▶ _WORK ITEM_
For every line in the entries that contains "intro", show the whole line.

▶ _Collected data entries_
************
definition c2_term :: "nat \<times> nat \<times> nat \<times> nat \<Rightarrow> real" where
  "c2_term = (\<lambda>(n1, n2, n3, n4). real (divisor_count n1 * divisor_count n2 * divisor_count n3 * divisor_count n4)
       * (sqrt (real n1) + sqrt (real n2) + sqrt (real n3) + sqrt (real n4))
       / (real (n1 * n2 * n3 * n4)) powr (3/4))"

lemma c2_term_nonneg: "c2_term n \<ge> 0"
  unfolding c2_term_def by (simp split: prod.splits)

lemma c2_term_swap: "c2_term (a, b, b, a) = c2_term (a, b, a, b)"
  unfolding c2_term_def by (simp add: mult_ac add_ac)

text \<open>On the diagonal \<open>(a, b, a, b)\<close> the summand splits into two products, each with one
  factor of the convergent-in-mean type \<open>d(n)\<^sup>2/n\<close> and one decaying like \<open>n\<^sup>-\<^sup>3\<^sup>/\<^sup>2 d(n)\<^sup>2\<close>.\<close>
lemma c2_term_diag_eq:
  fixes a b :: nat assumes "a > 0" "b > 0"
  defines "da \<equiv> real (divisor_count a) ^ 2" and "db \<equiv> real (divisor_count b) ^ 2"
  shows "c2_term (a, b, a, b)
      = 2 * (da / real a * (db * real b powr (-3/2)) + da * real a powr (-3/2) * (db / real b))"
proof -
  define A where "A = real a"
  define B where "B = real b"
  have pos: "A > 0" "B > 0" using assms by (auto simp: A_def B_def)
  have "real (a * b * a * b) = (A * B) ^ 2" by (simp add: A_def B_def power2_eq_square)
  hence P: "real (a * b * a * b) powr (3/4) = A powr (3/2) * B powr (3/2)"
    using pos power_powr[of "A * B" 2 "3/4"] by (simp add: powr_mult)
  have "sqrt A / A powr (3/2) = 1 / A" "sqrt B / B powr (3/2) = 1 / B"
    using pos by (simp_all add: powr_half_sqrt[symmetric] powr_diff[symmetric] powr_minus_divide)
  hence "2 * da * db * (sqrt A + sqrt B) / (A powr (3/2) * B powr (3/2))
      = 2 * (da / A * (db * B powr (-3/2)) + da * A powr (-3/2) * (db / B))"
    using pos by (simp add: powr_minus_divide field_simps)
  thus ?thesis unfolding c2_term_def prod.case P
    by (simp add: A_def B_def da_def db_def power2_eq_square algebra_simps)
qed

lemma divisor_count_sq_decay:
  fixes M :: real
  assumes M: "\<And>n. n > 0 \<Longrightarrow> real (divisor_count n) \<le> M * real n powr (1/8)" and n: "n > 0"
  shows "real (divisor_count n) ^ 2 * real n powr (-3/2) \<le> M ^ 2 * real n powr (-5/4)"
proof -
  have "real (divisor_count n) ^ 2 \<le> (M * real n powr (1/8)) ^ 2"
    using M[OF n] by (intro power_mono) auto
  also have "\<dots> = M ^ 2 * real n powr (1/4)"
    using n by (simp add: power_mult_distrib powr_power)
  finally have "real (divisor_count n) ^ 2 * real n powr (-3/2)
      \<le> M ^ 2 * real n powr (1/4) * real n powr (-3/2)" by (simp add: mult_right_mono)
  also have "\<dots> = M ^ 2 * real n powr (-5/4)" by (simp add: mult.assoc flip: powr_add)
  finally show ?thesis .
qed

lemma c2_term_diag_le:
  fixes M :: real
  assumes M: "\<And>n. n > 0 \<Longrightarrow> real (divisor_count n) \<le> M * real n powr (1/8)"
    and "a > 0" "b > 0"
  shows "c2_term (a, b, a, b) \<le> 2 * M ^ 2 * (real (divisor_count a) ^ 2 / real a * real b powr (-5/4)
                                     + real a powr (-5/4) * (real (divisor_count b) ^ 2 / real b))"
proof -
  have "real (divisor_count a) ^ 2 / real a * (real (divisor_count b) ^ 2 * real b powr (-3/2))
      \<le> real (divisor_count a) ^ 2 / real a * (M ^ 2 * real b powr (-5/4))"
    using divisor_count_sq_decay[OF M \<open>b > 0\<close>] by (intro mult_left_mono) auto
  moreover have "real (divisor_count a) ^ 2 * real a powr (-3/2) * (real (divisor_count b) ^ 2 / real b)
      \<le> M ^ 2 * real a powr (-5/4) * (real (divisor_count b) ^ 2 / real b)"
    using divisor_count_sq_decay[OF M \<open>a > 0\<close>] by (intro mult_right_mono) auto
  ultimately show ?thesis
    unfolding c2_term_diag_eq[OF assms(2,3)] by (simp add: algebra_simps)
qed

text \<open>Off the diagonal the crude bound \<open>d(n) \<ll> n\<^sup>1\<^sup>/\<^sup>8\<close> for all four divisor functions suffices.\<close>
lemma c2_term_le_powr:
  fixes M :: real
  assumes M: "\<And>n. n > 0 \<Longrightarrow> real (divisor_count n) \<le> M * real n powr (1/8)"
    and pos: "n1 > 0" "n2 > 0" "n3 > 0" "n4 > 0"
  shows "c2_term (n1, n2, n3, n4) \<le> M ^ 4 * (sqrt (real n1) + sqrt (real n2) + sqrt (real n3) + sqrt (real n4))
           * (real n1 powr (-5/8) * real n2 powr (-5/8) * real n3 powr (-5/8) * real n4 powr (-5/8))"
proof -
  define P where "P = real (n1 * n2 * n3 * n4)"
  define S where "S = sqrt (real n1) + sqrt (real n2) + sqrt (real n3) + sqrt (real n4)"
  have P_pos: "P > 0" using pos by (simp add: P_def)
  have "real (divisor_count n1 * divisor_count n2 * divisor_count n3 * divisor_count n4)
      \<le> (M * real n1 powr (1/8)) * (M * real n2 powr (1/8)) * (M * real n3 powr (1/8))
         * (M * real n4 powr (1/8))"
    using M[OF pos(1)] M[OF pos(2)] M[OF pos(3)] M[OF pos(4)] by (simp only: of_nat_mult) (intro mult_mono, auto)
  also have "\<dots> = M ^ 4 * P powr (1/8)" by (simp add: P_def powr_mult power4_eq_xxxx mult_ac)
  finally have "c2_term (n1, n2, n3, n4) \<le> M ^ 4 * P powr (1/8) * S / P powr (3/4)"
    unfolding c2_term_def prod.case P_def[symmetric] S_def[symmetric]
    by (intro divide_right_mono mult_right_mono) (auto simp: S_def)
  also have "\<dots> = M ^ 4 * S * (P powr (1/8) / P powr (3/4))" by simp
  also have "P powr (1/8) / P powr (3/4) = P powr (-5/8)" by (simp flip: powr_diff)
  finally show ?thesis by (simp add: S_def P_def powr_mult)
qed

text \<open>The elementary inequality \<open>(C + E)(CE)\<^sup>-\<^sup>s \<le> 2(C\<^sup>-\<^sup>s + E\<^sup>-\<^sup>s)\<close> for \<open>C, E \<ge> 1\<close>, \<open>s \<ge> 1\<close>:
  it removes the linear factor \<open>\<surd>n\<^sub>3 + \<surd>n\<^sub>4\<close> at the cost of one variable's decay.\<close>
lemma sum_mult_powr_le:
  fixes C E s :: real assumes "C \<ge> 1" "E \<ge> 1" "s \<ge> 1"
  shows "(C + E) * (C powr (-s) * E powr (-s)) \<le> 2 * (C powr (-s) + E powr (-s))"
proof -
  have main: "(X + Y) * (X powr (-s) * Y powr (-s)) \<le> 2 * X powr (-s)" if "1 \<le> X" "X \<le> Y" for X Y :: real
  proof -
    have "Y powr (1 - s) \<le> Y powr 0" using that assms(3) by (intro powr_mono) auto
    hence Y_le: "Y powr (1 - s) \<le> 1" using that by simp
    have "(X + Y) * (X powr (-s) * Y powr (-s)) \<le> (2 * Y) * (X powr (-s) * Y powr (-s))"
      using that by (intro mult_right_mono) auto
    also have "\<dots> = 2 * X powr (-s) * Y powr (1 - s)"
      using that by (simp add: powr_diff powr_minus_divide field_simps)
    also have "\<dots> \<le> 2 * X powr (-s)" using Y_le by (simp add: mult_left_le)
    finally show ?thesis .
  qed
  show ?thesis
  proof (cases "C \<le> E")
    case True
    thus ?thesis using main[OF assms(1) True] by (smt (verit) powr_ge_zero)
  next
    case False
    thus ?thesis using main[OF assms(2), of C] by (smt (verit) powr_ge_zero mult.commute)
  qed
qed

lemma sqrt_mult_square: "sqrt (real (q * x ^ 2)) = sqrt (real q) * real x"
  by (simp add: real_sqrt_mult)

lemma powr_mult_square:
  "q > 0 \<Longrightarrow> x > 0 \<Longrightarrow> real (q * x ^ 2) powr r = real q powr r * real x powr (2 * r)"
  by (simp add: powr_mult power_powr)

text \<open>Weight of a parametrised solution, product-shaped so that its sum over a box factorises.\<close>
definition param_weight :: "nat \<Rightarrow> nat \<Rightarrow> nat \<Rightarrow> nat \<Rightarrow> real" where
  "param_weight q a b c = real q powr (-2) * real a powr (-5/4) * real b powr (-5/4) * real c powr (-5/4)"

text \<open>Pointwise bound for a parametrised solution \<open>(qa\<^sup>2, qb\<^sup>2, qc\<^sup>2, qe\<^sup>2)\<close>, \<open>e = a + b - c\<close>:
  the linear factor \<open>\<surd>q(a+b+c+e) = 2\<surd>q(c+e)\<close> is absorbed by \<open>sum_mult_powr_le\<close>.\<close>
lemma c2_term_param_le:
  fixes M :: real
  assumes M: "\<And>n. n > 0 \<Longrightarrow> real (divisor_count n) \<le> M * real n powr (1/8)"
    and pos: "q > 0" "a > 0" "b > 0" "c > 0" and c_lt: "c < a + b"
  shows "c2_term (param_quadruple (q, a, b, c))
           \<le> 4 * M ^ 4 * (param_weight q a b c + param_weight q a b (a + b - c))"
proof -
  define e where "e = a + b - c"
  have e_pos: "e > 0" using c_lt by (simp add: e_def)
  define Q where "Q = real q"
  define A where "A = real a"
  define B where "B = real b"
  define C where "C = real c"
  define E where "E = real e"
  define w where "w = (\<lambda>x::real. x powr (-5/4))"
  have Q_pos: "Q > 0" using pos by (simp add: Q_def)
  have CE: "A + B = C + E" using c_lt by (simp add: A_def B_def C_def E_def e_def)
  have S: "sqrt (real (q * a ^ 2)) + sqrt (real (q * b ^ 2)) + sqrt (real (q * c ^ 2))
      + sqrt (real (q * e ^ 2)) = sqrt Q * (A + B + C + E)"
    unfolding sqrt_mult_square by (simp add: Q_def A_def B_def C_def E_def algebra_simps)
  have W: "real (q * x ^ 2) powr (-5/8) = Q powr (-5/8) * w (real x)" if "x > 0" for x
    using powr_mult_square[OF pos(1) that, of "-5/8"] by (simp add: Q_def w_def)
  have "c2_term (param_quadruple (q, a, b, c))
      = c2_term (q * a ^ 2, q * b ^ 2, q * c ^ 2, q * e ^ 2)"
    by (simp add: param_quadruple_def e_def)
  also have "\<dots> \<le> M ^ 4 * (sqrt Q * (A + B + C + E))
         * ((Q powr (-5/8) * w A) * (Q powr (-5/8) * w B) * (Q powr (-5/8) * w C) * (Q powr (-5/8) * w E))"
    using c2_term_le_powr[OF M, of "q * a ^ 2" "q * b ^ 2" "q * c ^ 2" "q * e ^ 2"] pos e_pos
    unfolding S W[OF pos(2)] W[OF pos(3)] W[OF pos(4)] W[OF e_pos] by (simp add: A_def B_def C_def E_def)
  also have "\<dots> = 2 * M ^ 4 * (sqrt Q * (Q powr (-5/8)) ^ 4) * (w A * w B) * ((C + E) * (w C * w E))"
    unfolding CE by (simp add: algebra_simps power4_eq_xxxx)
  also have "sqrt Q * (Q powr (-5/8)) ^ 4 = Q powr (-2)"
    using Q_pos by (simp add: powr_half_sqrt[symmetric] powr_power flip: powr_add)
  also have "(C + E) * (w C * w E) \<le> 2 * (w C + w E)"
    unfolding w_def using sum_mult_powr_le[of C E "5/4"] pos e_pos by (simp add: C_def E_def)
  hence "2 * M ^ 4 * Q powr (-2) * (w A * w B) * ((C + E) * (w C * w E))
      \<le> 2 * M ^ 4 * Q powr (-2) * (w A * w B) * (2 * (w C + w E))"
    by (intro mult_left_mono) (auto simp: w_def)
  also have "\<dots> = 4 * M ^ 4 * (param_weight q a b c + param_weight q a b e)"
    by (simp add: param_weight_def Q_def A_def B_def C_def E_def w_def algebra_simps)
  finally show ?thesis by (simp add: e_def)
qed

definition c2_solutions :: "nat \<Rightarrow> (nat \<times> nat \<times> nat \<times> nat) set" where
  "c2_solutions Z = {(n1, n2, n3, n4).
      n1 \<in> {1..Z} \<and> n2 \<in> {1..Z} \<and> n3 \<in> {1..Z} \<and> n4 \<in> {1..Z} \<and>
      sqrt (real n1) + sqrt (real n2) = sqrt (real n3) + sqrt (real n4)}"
************
▶ _TASK SOLUTION_
    using M[OF n] by (intro power_mono) auto
    using divisor_count_sq_decay[OF M \<open>b > 0\<close>] by (intro mult_left_mono) auto
    using divisor_count_sq_decay[OF M \<open>a > 0\<close>] by (intro mult_right_mono) auto
    using M[OF pos(1)] M[OF pos(2)] M[OF pos(3)] M[OF pos(4)] by (simp only: of_nat_mult) (intro mult_mono, auto)
    by (intro divide_right_mono mult_right_mono) (auto simp: S_def)
    have "Y powr (1 - s) \<le> Y powr 0" using that assms(3) by (intro powr_mono) auto
      using that by (intro mult_right_mono) auto
    by (intro mult_left_mono) (auto simp: w_def)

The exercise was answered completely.